UFJF e UFMG pedem desculpas por uso de corpos do Hospital Colônia de Barbacena
Em notas públicas, as instituições reconheceram a gravidade da prática, ligada a um período marcado por violações de direitos humanos na assistência psiquiátrica em Minas Gerais
A Universidade Federal de Juiz de Fora (UFJF) publicou nesta segunda-feira, 18 de maio, uma carta aberta na qual pede desculpas à sociedade brasileira pelo recebimento de 169 corpos do Hospital Colônia de Barbacena entre 1962 e 1971, usados em aulas de anatomia. Na manifestação, a instituição afirma que a prática aviltou a dignidade das pessoas mortas no hospital e anuncia medidas de reparação simbólica, como ações educativas, evento sobre o tema, apoio à criação de memorial e pesquisas documentais sobre a relação entre a universidade e o Colônia.
A nota da UFJF também informa que, desde 2010, o Departamento de Anatomia do Instituto de Ciências Biológicas passou a trabalhar exclusivamente com doações voluntárias de corpos, por meio do programa Sempre Vivo. Segundo a universidade, a iniciativa inclui ações de conscientização voltadas à comunidade e aos estudantes da área da saúde, com defesa explícita da dignidade humana.
A UFMG já havia se manifestado no mês anterior. Em declaração pública divulgada pela Faculdade de Medicina, a universidade pediu desculpas por ter adquirido, no século 20, cadáveres provenientes do Hospital Colônia de Barbacena. A instituição afirmou que a manifestação é acompanhada por ações de memória em parceria com grupos da luta antimanicomial, pela restauração do livro histórico de registro de cadáveres e pela inclusão do tema nas disciplinas de anatomia.
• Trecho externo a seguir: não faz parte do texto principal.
(* Let $\alpha$ be an infinite ordinal, $V={}^\alpha\alpha^{(Id)}$, and let $\mathfrak B$ be a subalgebra of $\wp(V)=\langle\mathcal P(V);\cap,-,S^i_j,S_{ij}\rangle_{i\neq j<\alpha}$. Then there exist a set $M$, an injection $\epsilon:\alpha\to M$, a subalgebra $\mathfrak C$ of the full set algebra $\langle\mathcal P({}^\alpha M);\cap,-,S^i_j,S_{ij}\rangle_{i\neq j<\alpha}$ and an isomorphism $g:\mathfrak B\to\mathfrak C$ such that $g(X)\cap\{\epsilon\circ s:s\in V\}=\{\epsilon\circ s:s\in X\}$ for every $X\in B$ (i.e. $g$ is a strong sub-base-isomorphism).
   Context: ${}^\alpha\alpha^{(Id)}=\{s\in{}^\alpha\alpha:|\{i<\alpha:s_i\neq i\}|<\omega\}$. For $i\neq j<\alpha$, $[i,j]$ is the transposition swapping $i,j$ and $[i/j]:\alpha\to\alpha$ sends $i$ to $j$ and fixes all other points. For a set $W$ of $\alpha$-sequences closed under $s\mapsto s\circ[i,j]$ and $s\mapsto s\circ[i/j]$, the algebra on $\mathcal P(W)$ has complement relative to $W$, $S^i_j(X)=\{q\in W:q\circ[i/j]\in X\}$ and $S_{ij}(X)=\{q\in W:q\circ[i,j]\in X\}$. *)

theory Defs
  imports Main
begin

text \<open>The index set alpha is rendered as an (infinite) type 'a; alpha-sequences
  over a base set M are functions 'a => 'b with values in M.\<close>

definition transp :: "'a \<Rightarrow> 'a \<Rightarrow> 'a \<Rightarrow> 'a" where
  "transp i j = (\<lambda>k. if k = i then j else if k = j then i else k)"

definition repl :: "'a \<Rightarrow> 'a \<Rightarrow> 'a \<Rightarrow> 'a" where
  "repl i j = (\<lambda>k. if k = i then j else k)"

definition weak_id_space :: "('a \<Rightarrow> 'a) set" where
  "weak_id_space = {s. finite {i. s i \<noteq> i}}"

definition full_space :: "'b set \<Rightarrow> ('a \<Rightarrow> 'b) set" where
  "full_space M = {s. \<forall>i. s i \<in> M}"

definition subst_op :: "('a \<Rightarrow> 'b) set \<Rightarrow> 'a \<Rightarrow> 'a \<Rightarrow> ('a \<Rightarrow> 'b) set \<Rightarrow> ('a \<Rightarrow> 'b) set" where
  "subst_op W i j X = {q \<in> W. q \<circ> repl i j \<in> X}"

definition swap_op :: "('a \<Rightarrow> 'b) set \<Rightarrow> 'a \<Rightarrow> 'a \<Rightarrow> ('a \<Rightarrow> 'b) set \<Rightarrow> ('a \<Rightarrow> 'b) set" where
  "swap_op W i j X = {q \<in> W. q \<circ> transp i j \<in> X}"

definition set_subalgebra :: "('a \<Rightarrow> 'b) set \<Rightarrow> ('a \<Rightarrow> 'b) set set \<Rightarrow> bool" where
  "set_subalgebra W B \<longleftrightarrow> B \<subseteq> Pow W \<and>
     (\<forall>X\<in>B. \<forall>Y\<in>B. X \<inter> Y \<in> B) \<and>
     (\<forall>X\<in>B. W - X \<in> B) \<and>
     (\<forall>X\<in>B. \<forall>i j. i \<noteq> j \<longrightarrow> subst_op W i j X \<in> B \<and> swap_op W i j X \<in> B)"

definition set_alg_iso ::
  "('a \<Rightarrow> 'b) set \<Rightarrow> ('a \<Rightarrow> 'b) set set \<Rightarrow> ('a \<Rightarrow> 'c) set \<Rightarrow> ('a \<Rightarrow> 'c) set set
   \<Rightarrow> (('a \<Rightarrow> 'b) set \<Rightarrow> ('a \<Rightarrow> 'c) set) \<Rightarrow> bool" where
  "set_alg_iso W B W' C g \<longleftrightarrow> bij_betw g B C \<and>
     (\<forall>X\<in>B. \<forall>Y\<in>B. g (X \<inter> Y) = g X \<inter> g Y) \<and>
     (\<forall>X\<in>B. g (W - X) = W' - g X) \<and>
     (\<forall>X\<in>B. \<forall>i j. i \<noteq> j \<longrightarrow>
        g (subst_op W i j X) = subst_op W' i j (g X) \<and>
        g (swap_op W i j X) = swap_op W' i j (g X))"

end

theory Submission
  imports Defs
begin

text \<open>Fix an ultrafilter \<open>U\<close> on the finite subsets of \<open>\<alpha>\<close> refining the filter of cofinal
  finite sets. An arbitrary sequence \<open>s\<close> is approximated by its truncations \<open>s\<restriction>F\<close>, which
  agree with \<open>s\<close> on the finite set \<open>F\<close> and are the identity elsewhere, so lie in \<open>V\<close>. Putting
  \<open>s \<in> g X\<close> iff \<open>s\<restriction>F \<in> X\<close> for \<open>U\<close>-almost all \<open>F\<close> gives a map into \<open>\<wp>(\<^sup>\<alpha>\<alpha>)\<close>:
  it preserves intersections and complements because \<open>U\<close> is an ultrafilter, and it commutes
  with \<open>S\<^sup>i\<^sub>j\<close>, \<open>S\<^sub>i\<^sub>j\<close> because truncation commutes with \<open>[i/j]\<close>, \<open>[i,j]\<close> as soon as
  \<open>i, j \<in> F\<close>, which holds almost everywhere. A sequence in \<open>V\<close> equals all its truncations to
  large enough \<open>F\<close>, so \<open>g X \<inter> V = X\<close>; hence \<open>g\<close> is injective and a strong
  sub-base-isomorphism with \<open>M = \<alpha>\<close> and \<open>\<epsilon> = id\<close>.\<close>

definition ultrafilter :: "'a filter \<Rightarrow> bool" where
  "ultrafilter F \<longleftrightarrow> F \<noteq> bot \<and> (\<forall>P. eventually P F \<or> eventually (\<lambda>x. \<not> P x) F)"

lemma ultrafilter_eventually_not:
  assumes "ultrafilter F"
  shows "eventually (\<lambda>x. \<not> P x) F \<longleftrightarrow> \<not> eventually P F"
proof -
  have "\<not> (eventually (\<lambda>x. \<not> P x) F \<and> eventually P F)"
    using assms eventually_conj[of "\<lambda>x. \<not> P x" F P]
    by (auto simp: ultrafilter_def trivial_limit_def)
  with assms show ?thesis
    by (auto simp: ultrafilter_def)
qed

lemma maximal_proper_filter_ultrafilter:
  assumes "F \<noteq> bot"
    and maximal: "\<And>G. G \<noteq> bot \<Longrightarrow> G \<le> F \<Longrightarrow> F = G"
  shows "ultrafilter F"
  unfolding ultrafilter_def
proof (intro conjI allI disjCI)
  fix P assume "\<not> eventually (\<lambda>x. \<not> P x) F"
  then have "inf F (principal {x. P x}) \<noteq> bot"
    by (simp add: trivial_limit_def eventually_inf_principal)
  then have F: "F = inf F (principal {x. P x})"
    by (rule maximal) simp
  show "eventually P F"
    by (subst F) (simp add: eventually_inf_principal)
qed fact

lemma ultrafilter_refinement_exists:
  fixes F :: "'a filter"
  assumes "F \<noteq> bot"
  shows "\<exists>U\<le>F. ultrafilter U"
proof -
  let ?R = "{(G, H). H \<noteq> bot \<and> H \<le> G \<and> G \<le> F}"
  have field_R: "Field ?R = {G. G \<noteq> bot \<and> G \<le> F}"
    by (auto simp: Field_def bot_unique)
  have "\<exists>U\<in>Field ?R. \<forall>G\<in>Field ?R. (U, G) \<in> ?R \<longrightarrow> G = U"
  proof (rule Zorns_po_lemma)
    show "Partial_order ?R"
      by (auto simp: partial_order_on_def preorder_on_def
          antisym_def refl_on_def trans_def Field_def bot_unique)
  next
    fix C assume C: "C \<in> Chains ?R"
    have Inf_C: "Inf C \<noteq> bot" "Inf C \<le> F" if "C \<noteq> {}"
    proof -
      \<comment> \<open>the infimum of a chain of proper filters is proper since the chain is directed\<close>
      from C that have "Inf C = bot \<longleftrightarrow> (\<exists>G\<in>C. G = bot)"
        unfolding trivial_limit_def by (intro eventually_Inf_base) (auto simp: Chains_def)
      with C show "Inf C \<noteq> bot"
        by (auto simp: Chains_def)
      from that obtain G where "G \<in> C" by auto
      with C show "Inf C \<le> F"
        by (auto intro!: Inf_lower2[of G] simp: Chains_def)
    qed
    have "inf F (Inf C) = (if C = {} then F else Inf C)"
      using Inf_C by (simp add: inf_absorb2)
    with C Inf_C assms show "\<exists>U\<in>Field ?R. \<forall>G\<in>C. (G, U) \<in> ?R"
      unfolding field_R
      by (intro bexI[of _ "inf F (Inf C)"]) (auto intro: Inf_lower simp: Chains_def)
  qed
  then obtain U where "U \<noteq> bot" "U \<le> F" "\<And>G. G \<noteq> bot \<Longrightarrow> G \<le> U \<Longrightarrow> G = U"
    unfolding field_R by auto
  then show ?thesis
    by (metis maximal_proper_filter_ultrafilter)
qed

definition trunc :: "('a \<Rightarrow> 'a) \<Rightarrow> 'a set \<Rightarrow> 'a \<Rightarrow> 'a" where
  "trunc s F = (\<lambda>k. if k \<in> F then s k else k)"

lemma trunc_in_weak_id_space: "finite F \<Longrightarrow> trunc s F \<in> weak_id_space"
  unfolding weak_id_space_def trunc_def
  by (auto intro: finite_subset[of _ F])

lemma trunc_comp_repl: "i \<in> F \<Longrightarrow> j \<in> F \<Longrightarrow> trunc (s \<circ> repl i j) F = trunc s F \<circ> repl i j"
  unfolding trunc_def repl_def by (auto simp: fun_eq_iff)

lemma trunc_comp_transp: "i \<in> F \<Longrightarrow> j \<in> F \<Longrightarrow> trunc (s \<circ> transp i j) F = trunc s F \<circ> transp i j"
  unfolding trunc_def transp_def by (auto simp: fun_eq_iff)

lemma trunc_eq_self: "{k. s k \<noteq> k} \<subseteq> F \<Longrightarrow> trunc s F = s"
  unfolding trunc_def by (force simp: fun_eq_iff)

definition ultra_extension :: "'a set filter \<Rightarrow> ('a \<Rightarrow> 'a) set \<Rightarrow> ('a \<Rightarrow> 'a) set" where
  "ultra_extension U X = {s. eventually (\<lambda>F. trunc s F \<in> X) U}"

locale cofinal_ultrafilter =
  fixes U :: "'a set filter"
  assumes le_finite_sets: "U \<le> finite_sets_at_top"
    and ultra: "ultrafilter U"

lemma cofinal_ultrafilter_exists: "\<exists>U. cofinal_ultrafilter U"
  using ultrafilter_refinement_exists[of "finite_sets_at_top :: 'a set filter"]
  by (auto intro: cofinal_ultrafilter.intro)

context cofinal_ultrafilter
begin

lemma eventually_finite_superset: "finite A \<Longrightarrow> eventually (\<lambda>F. finite F \<and> A \<subseteq> F) U"
  by (rule filter_leD[OF le_finite_sets]) (auto simp: eventually_finite_subsets_at_top)

lemma ultra_extension_Int: "ultra_extension U (X \<inter> Y) = ultra_extension U X \<inter> ultra_extension U Y"
  by (auto simp: ultra_extension_def eventually_conj_iff)

lemma ultra_extension_Diff:
  "ultra_extension U (weak_id_space - X) = UNIV - ultra_extension U X"
proof -
  have "eventually (\<lambda>F. trunc s F \<in> weak_id_space - X) U
        \<longleftrightarrow> eventually (\<lambda>F. trunc s F \<notin> X) U" for s
    by (rule eventually_subst, rule eventually_mono[OF eventually_finite_superset[of "{}"]])
      (auto simp: trunc_in_weak_id_space)
  then show ?thesis
    by (auto simp: ultra_extension_def ultrafilter_eventually_not[OF ultra])
qed

lemma ultra_extension_subst_op:
  "ultra_extension U (subst_op weak_id_space i j X) = subst_op UNIV i j (ultra_extension U X)"
proof -
  have "eventually (\<lambda>F. trunc s F \<in> subst_op weak_id_space i j X) U
        \<longleftrightarrow> eventually (\<lambda>F. trunc (s \<circ> repl i j) F \<in> X) U" for s
    by (rule eventually_subst, rule eventually_mono[OF eventually_finite_superset[of "{i, j}"]])
      (auto simp: subst_op_def trunc_in_weak_id_space trunc_comp_repl)
  then show ?thesis
    by (auto simp: ultra_extension_def subst_op_def)
qed

lemma ultra_extension_swap_op:
  "ultra_extension U (swap_op weak_id_space i j X) = swap_op UNIV i j (ultra_extension U X)"
proof -
  have "eventually (\<lambda>F. trunc s F \<in> swap_op weak_id_space i j X) U
        \<longleftrightarrow> eventually (\<lambda>F. trunc (s \<circ> transp i j) F \<in> X) U" for s
    by (rule eventually_subst, rule eventually_mono[OF eventually_finite_superset[of "{i, j}"]])
      (auto simp: swap_op_def trunc_in_weak_id_space trunc_comp_transp)
  then show ?thesis
    by (auto simp: ultra_extension_def swap_op_def)
qed

lemma ultra_extension_Int_weak_id_space:
  assumes "X \<subseteq> weak_id_space"
  shows "ultra_extension U X \<inter> weak_id_space = X"
proof -
  have "eventually (\<lambda>F. trunc s F \<in> X) U \<longleftrightarrow> s \<in> X" if "s \<in> weak_id_space" for s
  proof -
    have "eventually (\<lambda>F. trunc s F \<in> X) U \<longleftrightarrow> eventually (\<lambda>F. s \<in> X) U"
      using that unfolding weak_id_space_def
      by (intro eventually_subst eventually_mono[OF eventually_finite_superset])
        (auto simp: trunc_eq_self)
    then show ?thesis
      using ultra by (simp add: ultrafilter_def eventually_const_iff)
  qed
  with assms show ?thesis
    by (auto simp: ultra_extension_def)
qed

end

definition set_alg_hom ::
  "('a \<Rightarrow> 'b) set \<Rightarrow> ('a \<Rightarrow> 'c) set \<Rightarrow> (('a \<Rightarrow> 'b) set \<Rightarrow> ('a \<Rightarrow> 'c) set) \<Rightarrow> bool" where
  "set_alg_hom W W' g \<longleftrightarrow>
     (\<forall>X Y. g (X \<inter> Y) = g X \<inter> g Y) \<and> (\<forall>X. g (W - X) = W' - g X) \<and>
     (\<forall>X i j. g (subst_op W i j X) = subst_op W' i j (g X) \<and>
              g (swap_op W i j X) = swap_op W' i j (g X))"

lemma set_subalgebra_image:
  assumes hom: "set_alg_hom W W' g" and B: "set_subalgebra W B" and "g ` B \<subseteq> Pow W'"
  shows "set_subalgebra W' (g ` B)"
  unfolding set_subalgebra_def
proof (intro conjI ballI allI impI)
  fix X Y assume "X \<in> g ` B" "Y \<in> g ` B"
  then obtain X0 Y0 where "X0 \<in> B" "Y0 \<in> B" "X = g X0" "Y = g Y0" by auto
  with hom B show "X \<inter> Y \<in> g ` B"
    unfolding set_subalgebra_def set_alg_hom_def by (auto intro!: image_eqI[of _ _ "X0 \<inter> Y0"])
next
  fix X assume "X \<in> g ` B"
  then obtain X0 where "X0 \<in> B" "X = g X0" by auto
  with hom B show "W' - X \<in> g ` B"
    unfolding set_subalgebra_def set_alg_hom_def by (auto intro!: image_eqI[of _ _ "W - X0"])
next
  fix X and i j :: 'a assume "X \<in> g ` B" "i \<noteq> j"
  then obtain X0 where "X0 \<in> B" "X = g X0" by auto
  with hom B \<open>i \<noteq> j\<close> show "subst_op W' i j X \<in> g ` B"
    unfolding set_subalgebra_def set_alg_hom_def by (auto intro!: image_eqI[of _ _ "subst_op W i j X0"])
  from \<open>X0 \<in> B\<close> \<open>X = g X0\<close> hom B \<open>i \<noteq> j\<close> show "swap_op W' i j X \<in> g ` B"
    unfolding set_subalgebra_def set_alg_hom_def by (auto intro!: image_eqI[of _ _ "swap_op W i j X0"])
qed (use assms(3) in auto)

lemma set_alg_iso_image:
  assumes "set_alg_hom W W' g" "inj_on g B"
  shows "set_alg_iso W B W' (g ` B) g"
  using assms by (simp add: set_alg_iso_def set_alg_hom_def inj_on_imp_bij_betw)

lemma full_space_UNIV [simp]: "full_space UNIV = UNIV"
  by (simp add: full_space_def)

lemma (in cofinal_ultrafilter) set_alg_hom_ultra_extension:
  "set_alg_hom weak_id_space UNIV (ultra_extension U)"
  by (simp add: set_alg_hom_def ultra_extension_Int ultra_extension_Diff
      ultra_extension_subst_op ultra_extension_swap_op)

theorem theorem4p26:
  fixes B :: "('a \<Rightarrow> 'a) set set"
  assumes "infinite (UNIV :: 'a set)"
    and "set_subalgebra weak_id_space B"
  shows "\<exists>(M :: 'a set) (\<epsilon> :: 'a \<Rightarrow> 'a) C g.
           inj \<epsilon> \<and> range \<epsilon> \<subseteq> M \<and>
           set_subalgebra (full_space M) C \<and>
           set_alg_iso weak_id_space B (full_space M) C g \<and>
           (\<forall>X\<in>B. g X \<inter> ((\<lambda>s. \<epsilon> \<circ> s) ` weak_id_space) = (\<lambda>s. \<epsilon> \<circ> s) ` X)"
proof -
  obtain U :: "'a set filter" where "cofinal_ultrafilter U"
    using cofinal_ultrafilter_exists by blast
  then interpret cofinal_ultrafilter U .
  let ?g = "ultra_extension U"
  have B_sub: "X \<subseteq> weak_id_space" if "X \<in> B" for X
    using assms(2) that by (auto simp: set_subalgebra_def)
  have restrict: "?g X \<inter> weak_id_space = X" if "X \<in> B" for X
    using B_sub[OF that] by (rule ultra_extension_Int_weak_id_space)
  then have "inj_on ?g B"
    by (metis inj_onI)
  have "inj id \<and> range id \<subseteq> UNIV \<and> set_subalgebra (full_space (UNIV :: 'a set)) (?g ` B) \<and>
      set_alg_iso weak_id_space B (full_space (UNIV :: 'a set)) (?g ` B) ?g \<and>
      (\<forall>X\<in>B. ?g X \<inter> (\<lambda>s. id \<circ> s) ` weak_id_space = (\<lambda>s. id \<circ> s) ` X)"
    using set_subalgebra_image[OF set_alg_hom_ultra_extension assms(2)]
      set_alg_iso_image[OF set_alg_hom_ultra_extension \<open>inj_on ?g B\<close>] restrict
    by auto
  then show ?thesis
    by (intro exI[where x = UNIV] exI[where x = id] exI[where x = "?g ` B"] exI[where x = ?g])
qed

end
No mesmo comunicado, a UFMG lembrou que mantém desde 1999 o programa “Vida após a Vida”, voltado à doação voluntária e consentida de corpos para o ensino da anatomia. A universidade diz que o modelo substituiu a antiga dependência de corpos não reclamados e passou a orientar o trabalho acadêmico dentro de parâmetros legais e éticos.
O episódio recoloca em debate um capítulo doloroso da história da saúde mental no país, marcado por segregação, estigma e violência institucional. Ao retomar o assunto publicamente, UFJF e UFMG afirmam buscar não apenas reconhecer a responsabilidade histórica, mas também reforçar o compromisso com a reforma psiquiátrica, a memória e os direitos humanos.